Teach you to use the Requests library to hang proxies.
Recently, a lot of friends doing data collection are asking how to use Python's requests library to hang the proxy will not be blocked? This is a simple matter, but there are a few pitfalls to pay special attention to. Let's take ipipgo family proxy service to give a chestnut, guaranteed to see the end of the hand.
Basic proxy configuration (don't underestimate this step)
Many newbies planted in the proxy configuration, in fact, the core of the three lines of code. Take the http proxy as an example:
import requests
proxies = {
'http': 'http://用户名:密码@gateway.ipipgo.com:9020',
'https': 'http://用户名:密码@gateway.ipipgo.com:9020'
}
response = requests.get('destination URL', proxies=proxies)
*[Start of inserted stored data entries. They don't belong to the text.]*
(* Let $F_n$ ($n\ge1$) and $F$ be distribution functions on $\mathbb{R}^d$ of random vectors satisfying condition $(\mathcal{H})$. Then $\|\mathbf{x}\|_{F_n}\to\|\mathbf{x}\|_F$ for every $\mathbf{x}\in\mathbb{R}^{d+1}$ if and only if $F_n\to F$ in the Wasserstein metric.
   Context: Condition $(\mathcal{H})$ on a random vector $\mathbf{X}=(X_1,\dots,X_d)$: each $X_i$ is almost surely nonnegative with $0<E(X_i)<\infty$. If $\mathbf{X}$ satisfies $(\mathcal{H})$ and has distribution function $F$, its $F$-norm is $\|\mathbf{x}\|_F:=E\big(\max(|x_0|,|x_1|X_1,\dots,|x_d|X_d)\big)$ for $\mathbf{x}=(x_0,\dots,x_d)\in\mathbb{R}^{d+1}$ (this depends only on $F$). The Wasserstein metric between distributions $P,Q$ on $\mathbb{R}^d$ with finite first moments is $d_W(P,Q)=\inf E(\|\mathbf{X}-\mathbf{Y}\|_1)$, the infimum over all random vectors $\mathbf{X}\sim P$, $\mathbf{Y}\sim Q$ on a common probability space, where $\|\cdot\|_1$ is the $L^1$-norm. *)

theory Defs
  imports "HOL-Probability.Probability"
begin

text \<open>A distribution on R^d (d = CARD('n)) is a probability measure on the Borel sets
of real^'n.  Condition (H): each coordinate is a.s. nonnegative, integrable, with
positive expectation.\<close>

definition condH :: "(real ^ 'n::finite) measure \<Rightarrow> bool" where
  "condH P \<longleftrightarrow> prob_space P \<and> sets P = sets borel \<and>
     (\<forall>i. (AE y in P. 0 \<le> y $ i) \<and> integrable P (\<lambda>y. y $ i) \<and>
          0 < integral\<^sup>L P (\<lambda>y. y $ i))"

text \<open>The F-norm of x = (x0, x1, ..., xd), represented as the pair (x0, x).\<close>

definition Fnorm :: "(real ^ 'n::finite) measure \<Rightarrow> real \<Rightarrow> real ^ 'n \<Rightarrow> real" where
  "Fnorm P x0 x = integral\<^sup>L P (\<lambda>y. max \<bar>x0\<bar> (Max (range (\<lambda>i. \<bar>x $ i\<bar> * y $ i))))"

definition l1norm :: "real ^ 'n::finite \<Rightarrow> real" where
  "l1norm z = (\<Sum>i\<in>UNIV. \<bar>z $ i\<bar>)"

definition couplings :: "(real ^ 'n::finite) measure \<Rightarrow> (real ^ 'n) measure
    \<Rightarrow> ((real ^ 'n) \<times> (real ^ 'n)) measure set" where
  "couplings P Q = {M. prob_space M \<and> sets M = sets borel \<and>
      distr M borel fst = P \<and> distr M borel snd = Q}"

definition wasserstein :: "(real ^ 'n::finite) measure \<Rightarrow> (real ^ 'n) measure \<Rightarrow> real" where
  "wasserstein P Q = (INF M \<in> couplings P Q. integral\<^sup>L M (\<lambda>(x, y). l1norm (x - y)))"

end

theory Submission
  imports Defs
begin

(* The integrand max(|x0|, max_i |x_i| y_i) of the F-norm is Lipschitz in y for the l1 norm, so
   F-norm differences are bounded by the Wasserstein distance.

   Conversely, for x0 = t >= 0 and x = (1/c_1, ..., 1/c_d) the F-norm is E max(t, Z) with
   Z = max_i X_i / c_i, and difference quotients in t squeeze P(Z <= 1) = P(X <= c). Hence
   convergence of F-norms gives convergence of the distribution functions at corners whose
   coordinate hyperplanes carry no mass of the limit, and by inclusion-exclusion of the masses
   of the half-open cells of a grid built from such corners. Keeping the common mass
   min(P C, Q C) of every cell C inside C and coupling the remaining masses independently gives
   a coupling whose cost is at most the cell diameter plus terms controlled by the differences
   of cell masses and by the tails E(max(R, max_i X_i) - R) = ||(R, 1, ..., 1)||_F - R, which
   converge as well. *)

section \<open>Lipschitz continuity of the F-norm integrand\<close>

definition Fnorm_integrand :: "real \<Rightarrow> real ^ 'n::finite \<Rightarrow> real ^ 'n \<Rightarrow> real" where
  "Fnorm_integrand x0 x y = max \<bar>x0\<bar> (Max (range (\<lambda>i. \<bar>x $ i\<bar> * y $ i)))"

lemma Fnorm_eq_integral: "Fnorm P x0 x = integral\<^sup>L P (Fnorm_integrand x0 x)"
  unfolding Fnorm_def Fnorm_integrand_def ..

lemma borel_measurable_Fnorm_integrand [measurable]:
  "Fnorm_integrand x0 x \<in> borel_measurable borel"
  unfolding Fnorm_integrand_def[abs_def]
  by (intro borel_measurable_max borel_measurable_const borel_measurable_Max) auto

lemma borel_measurable_l1norm [measurable]: "l1norm \<in> borel_measurable borel"
  unfolding l1norm_def[abs_def] by measurable

lemma l1norm_nonneg: "0 \<le> l1norm z"
  unfolding l1norm_def by (simp add: sum_nonneg)

lemma abs_component_le_l1norm: "\<bar>z $ i\<bar> \<le> l1norm z"
  unfolding l1norm_def by (rule member_le_sum) auto

lemma l1norm_diff_le: "l1norm (y - z) \<le> l1norm y + l1norm z"
  unfolding l1norm_def by (simp add: sum.distrib[symmetric] sum_mono abs_triangle_ineq4)

lemma abs_Max_range_diff_le:
  fixes u v :: "'i::finite \<Rightarrow> real"
  shows "\<bar>Max (range u) - Max (range v)\<bar> \<le> (\<Sum>i\<in>UNIV. \<bar>u i - v i\<bar>)"
proof -
  have one_side: "Max (range u) - Max (range v) \<le> (\<Sum>i\<in>UNIV. \<bar>u i - v i\<bar>)"
    for u v :: "'i \<Rightarrow> real"
  proof -
    have "Max (range u) \<in> range u" by (rule Max_in) auto
    then obtain j where j: "Max (range u) = u j" by blast
    have "v j \<le> Max (range v)" by simp
    then have "Max (range u) - Max (range v) \<le> \<bar>u j - v j\<bar>" using j by linarith
    also have "\<dots> \<le> (\<Sum>i\<in>UNIV. \<bar>u i - v i\<bar>)"
      by (rule member_le_sum) auto
    finally show ?thesis .
  qed
  show ?thesis
    using one_side[of u v] one_side[of v u] by (simp add: abs_minus_commute abs_le_iff)
qed

lemma Fnorm_integrand_lipschitz:
  "\<bar>Fnorm_integrand x0 x y - Fnorm_integrand x0 x z\<bar> \<le> l1norm x * l1norm (y - z)"
proof -
  have "\<bar>Max (range (\<lambda>i. \<bar>x $ i\<bar> * y $ i)) - Max (range (\<lambda>i. \<bar>x $ i\<bar> * z $ i))\<bar>
      \<le> (\<Sum>i\<in>UNIV. \<bar>\<bar>x $ i\<bar> * y $ i - \<bar>x $ i\<bar> * z $ i\<bar>)"
    by (rule abs_Max_range_diff_le)
  also have "\<dots> = (\<Sum>i\<in>UNIV. \<bar>x $ i\<bar> * \<bar>(y - z) $ i\<bar>)"
    by (intro sum.cong) (auto simp: abs_mult right_diff_distrib[symmetric])
  also have "\<dots> \<le> (\<Sum>i\<in>UNIV. l1norm x * \<bar>(y - z) $ i\<bar>)"
    by (intro sum_mono mult_right_mono abs_component_le_l1norm) auto
  also have "\<dots> = l1norm x * l1norm (y - z)"
    by (simp add: l1norm_def sum_distrib_left)
  finally show ?thesis
    unfolding Fnorm_integrand_def by linarith
qed

section \<open>Couplings and the Wasserstein distance\<close>

definition finite_first_moment :: "(real ^ 'n::finite) measure \<Rightarrow> bool" where
  "finite_first_moment P \<longleftrightarrow> prob_space P \<and> sets P = sets borel \<and> integrable P l1norm"

lemma condH_imp_finite_first_moment:
  assumes "condH P" shows "finite_first_moment P"
proof -
  have "integrable P (\<lambda>y. \<Sum>i\<in>UNIV. \<bar>y $ i\<bar>)"
    using assms unfolding condH_def by auto
  then show ?thesis
    using assms unfolding condH_def finite_first_moment_def l1norm_def[abs_def] by auto
qed

lemma
  assumes "finite_first_moment P"
  shows finite_first_moment_prob_space: "prob_space P"
    and finite_first_moment_sets: "sets P = sets borel"
    and finite_first_moment_space: "space P = UNIV"
    and finite_first_moment_integrable: "integrable P l1norm"
  using assms sets_eq_imp_space_eq[of P borel] unfolding finite_first_moment_def by auto

lemma finite_first_moment_measurable:
  assumes "finite_first_moment P" "f \<in> borel_measurable borel"
  shows "f \<in> borel_measurable P"
  using assms(2) unfolding measurable_cong_sets[OF finite_first_moment_sets[OF assms(1)] refl] .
Here's one.Tai Hang District, Hong KongThe proxy server goes through the http channel. ipipgo's proxy ports will change depending on the package, so remember to check the latest port number in the background after purchase.
Dynamic proxies are king
A single proxy is easy to be blocked, you have to use ip pool rotation. Let's use ipipgo's dynamic forwarding service as an example:
import requests
from random import choice
proxy_list = [
'gateway.ipipgo.com:9020',
'gateway.ipipgo.com:9021', 'gateway.ipipgo.com:9022', 'gateway.ipipgo.com:9022'
'gateway.ipipgo.com:9022'
]
def get_with_retry(url).
for _ in range(3).
try.
proxy = f'http://用户名:密码@{choice(proxy_list)}'
return requests.get(url, proxies={'http': proxy, 'https': proxy}, timeout=8)
except.
continue
return None
watch carefullytimeout settingIt is recommended that between 8-15 seconds. ipipgo's response speed is around 200ms, and it is easy to misjudge if it is set too short. Their dynamic ip pool automatically changes ip per request, which is suitable for scenarios that require high-frequency replacement.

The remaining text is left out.